I know there's been several very similar answers here on SO on this exact question, but none of them really answer my question. 我知道在这个确切的问题上,有几个非常相似的答案,但是没有一个能真正回答我的问题。

I'm trying to remove a series of stop words and punctuation from a list of words to perform basic natural language processing. 我正在尝试从单词列表中删除一系列停用词和标点符号,以执行基本的自然语言处理。

from nltk.tokenize import word_tokenize, sent_tokenize
from nltk.corpus import stopwords
from string import punctuation


    text = "Hello there.

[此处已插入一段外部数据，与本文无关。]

(* Let $n\geq 2$, $a>1$, and let $u'':[1,a]\to[0,\infty)$ satisfy $u''(x)\geq k(x-1)(a-x)$ on $[1,a]$ for a constant $k>0$. Let $1<b_\infty<b_0<a$ be constants and suppose $b:[0,T)\to\mathbb{R}$ solves the initial value problem $b(0)=b_0$, $$\dot b=-\frac{k\,b_\infty(b_\infty-1)(a^2-b_0^2)(b-b_\infty)b^3}{a(a^2-b_\infty^2)(2a^2-b_\infty^2)^2}.$$ Then $$g_t(y):=\sqrt{\frac{a^2-b^2}{a^2-b_\infty^2}y^2+b^2},\qquad b=b(t),$$ is a sub-solution of the equation $$\dot h=u''(h(y))\left(\frac{h''}{1+h'^2}+(n-1)\frac{yh'-h}{y^2+h^2}\right)$$ for $y\in\left[-\sqrt{a^2-b_\infty^2},\sqrt{a^2-b_\infty^2}\right]$, in the sense that $\dot g_t-u''(g_t)\left(\frac{g_t''}{1+g_t'^2}+(n-1)\frac{yg_t'-g_t}{y^2+g_t^2}\right)\geq 0$ there.
   Context: Dots denote $t$-derivatives and primes denote $y$-derivatives. The function $u''$ comes from a Calabi-symmetric K\"ahler form on the blowup of $\mathbb{P}^n$ at a point, expressed in the Legendre coordinate $x\in[1,a]$. *)

theory Defs
  imports "HOL-Analysis.Analysis"
begin

definition gsub :: "real \<Rightarrow> real \<Rightarrow> real \<Rightarrow> real \<Rightarrow> real" where
  "gsub a binf bt y = sqrt ((a\<^sup>2 - bt\<^sup>2) / (a\<^sup>2 - binf\<^sup>2) * y\<^sup>2 + bt\<^sup>2)"

definition bode_rhs :: "real \<Rightarrow> real \<Rightarrow> real \<Rightarrow> real \<Rightarrow> real \<Rightarrow> real" where
  "bode_rhs k a b0 binf bt =
     - (k * binf * (binf - 1) * (a\<^sup>2 - b0\<^sup>2) * (bt - binf) * bt ^ 3)
       / (a * (a\<^sup>2 - binf\<^sup>2) * (2 * a\<^sup>2 - binf\<^sup>2)\<^sup>2)"

end

theory Submission
  imports Defs
begin
lemma pos_inv_le_iff:
  assumes anti: "strict_antimono_on {0<..} h" and bij: "bij_betw h {0<..} {0<..}"
    and "r > 0" and "s > 0"
  shows "pos_inv h s \<le> r \<longleftrightarrow> h r \<le> s"
    and "r \<le> pos_inv h s \<longleftrightarrow> s \<le> h r"
  using strict_antimono_on_le_iff[OF anti, of r "pos_inv h s"]
    strict_antimono_on_le_iff[OF anti, of "pos_inv h s" r] pos_inv_bij_betw[OF bij \<open>s > 0\<close>] \<open>r > 0\<close>
  by auto

lemma pos_inv_power2:
  assumes bij: "bij_betw h {0<..} {0<..}" and "s > 0"
  shows "pos_inv (\<lambda>r. (h r)\<^sup>2) s = pos_inv h (sqrt s)"
proof -
  have "inj_on (\<lambda>r. (h r)\<^sup>2) {0<..}"
  proof (rule inj_onI)
    fix x y :: real
    assume "x \<in> {0<..}" "y \<in> {0<..}" "(h x)\<^sup>2 = (h y)\<^sup>2"
    moreover have "h x > 0" "h y > 0"
      using bij \<open>x \<in> {0<..}\<close> \<open>y \<in> {0<..}\<close> by (auto simp: bij_betw_def)
    ultimately show "x = y"
      using bij by (auto simp: bij_betw_def inj_on_def)
  qed
  then show ?thesis
    unfolding pos_inv_def[of "\<lambda>r. (h r)\<^sup>2"]
    by (rule inv_into_f_eq) (use pos_inv_bij_betw[OF bij, of "sqrt s"] \<open>s > 0\<close> in auto)
qed

lemma strict_antimono_bij_tendsto_zero:
  fixes h :: "real \<Rightarrow> real"
  assumes anti: "strict_antimono_on {0<..} h" and bij: "bij_betw h {0<..} {0<..}"
  shows "(h \<longlongrightarrow> 0) at_top"
proof (rule order_tendstoI)
  fix a :: real
  assume "a < 0"
  have above: "a < h x" if "x > 0" for x
    using bij_betw_apply[OF bij, of x] that \<open>a < 0\<close> by simp
  show "eventually (\<lambda>x. a < h x) at_top"
    using eventually_gt_at_top[of "0::real"] by (rule eventually_mono) (rule above)
next
  fix a :: real
  assume "0 < a"
  have below: "h x < a" if "x > pos_inv h a" for x
    using monotone_onD[OF anti, of "pos_inv h a" x] that pos_inv_bij_betw[OF bij \<open>0 < a\<close>]
    by simp
  show "eventually (\<lambda>x. h x < a) at_top"
    using eventually_gt_at_top[of "pos_inv h a"] by (rule eventually_mono) (rule below)
qed

lemma filterlim_at_top_if_integrable_inverse:
  fixes \<eta> :: "real \<Rightarrow> real"
  assumes mono: "mono_on {0..} \<eta>" and pos: "\<And>r. r \<ge> 0 \<Longrightarrow> \<eta> r > 0"
    and int: "set_integrable lborel {1<..} (\<lambda>x. 1 / \<eta> x)"
  shows "filterlim \<eta> at_top at_top"
  unfolding filterlim_at_top_gt[where c = 0]
proof (intro allI impI)
  fix Z :: real
  assume "Z > 0"
  show "eventually (\<lambda>r. Z \<le> \<eta> r) at_top"
  proof (rule ccontr)
    assume "\<not> eventually (\<lambda>r. Z \<le> \<eta> r) at_top"
    have small: "\<eta> r < Z" if "r \<ge> 0" for r
    proof (rule ccontr)
      assume "\<not> \<eta> r < Z"
      then have "Z \<le> \<eta> s" if "s \<ge> r" for s
        using mono_onD[OF mono, of r s] \<open>r \<ge> 0\<close> that by simp
      then show False
        using \<open>\<not> eventually (\<lambda>r. Z \<le> \<eta> r) at_top\<close> by (auto simp: eventually_at_top_linorder)
    qed
    have "set_integrable lborel {1<..} (\<lambda>_::real. 1::real)"
    proof (rule set_integrable_bound)
      show "set_integrable lborel {1<..} (\<lambda>x. Z * (1 / \<eta> x))"
        using set_integrable_mult_right[of Z lborel "{1<..}", OF int] .
      show "set_borel_measurable lborel {1<..} (\<lambda>_::real. 1::real)"
        by (simp add: set_borel_measurable_def)
      have "norm (1::real) \<le> norm (Z * (1 / \<eta> x))" if "x > 1" for x
        using small[of x] pos[of x] that by simp
      then show "AE x in lborel. x \<in> {1<..} \<longrightarrow> norm (1::real) \<le> norm (Z * (1 / \<eta> x))"
        by (intro AE_I2) simp
    qed
    then have "emeasure lborel {1::real<..} < \<infinity>"
      by (simp add: set_integrable_def integrable_indicator_iff)
    then obtain m where m: "emeasure lborel {1::real<..} = ennreal m" "m \<ge> 0"
      using ennreal_cases by (metis infinity_ennreal_def less_irrefl)
    have "emeasure lborel {2::real..m + 3} \<le> emeasure lborel {1::real<..}"
      by (rule emeasure_mono) auto
    then have "ennreal (m + 1) \<le> ennreal m"
      using m by simp
    then show False
      using m by simp
  qed
qed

I am currently typing Python. "
    custom_stopwords = set(stopwords.words('english')+list(punctuation))

    # tokenizes the text into a sentence
    sentences = sent_tokenize(text)

    # tokenizes each sentence into a list of words
    words = [word_tokenize(sentence) for sentence in sentences]
    filtered_words = [word for word in words if word not in custom_stopwords]
    print(filtered_words)

This throws a TypeError: unhashable type: 'list' error on the filtered_words line. 这在filtered_words行上引发TypeError: unhashable type: 'list'错误。 Why is this error being thrown? 为什么会引发此错误? I'm not providing a list collection at all- I'm providing a set ? 我根本不提供list集合,而是提供set吗?

Note: I've read the post on SO on this exact error , but still have the same question. 注意:我已经阅读了有关此确切错误的SO文章,但仍然有相同的问题。 The accepted answer provides this explanation: 接受的答案提供了以下解释:

Sets require their items to be hashable. 集要求其项是可哈希的。 Out of types predefined by Python only the immutable ones, such as strings, numbers, and tuples, are hashable. 在Python预定义的类型中,只有不可变的类型(例如字符串,数字和元组)是可哈希的。 Mutable types, such as lists and dicts, are not hashable because a change of their contents would change the hash and break the lookup code. 可变类型(例如列表和字典)不可散列,因为更改其内容将更改散列并破坏查找代码。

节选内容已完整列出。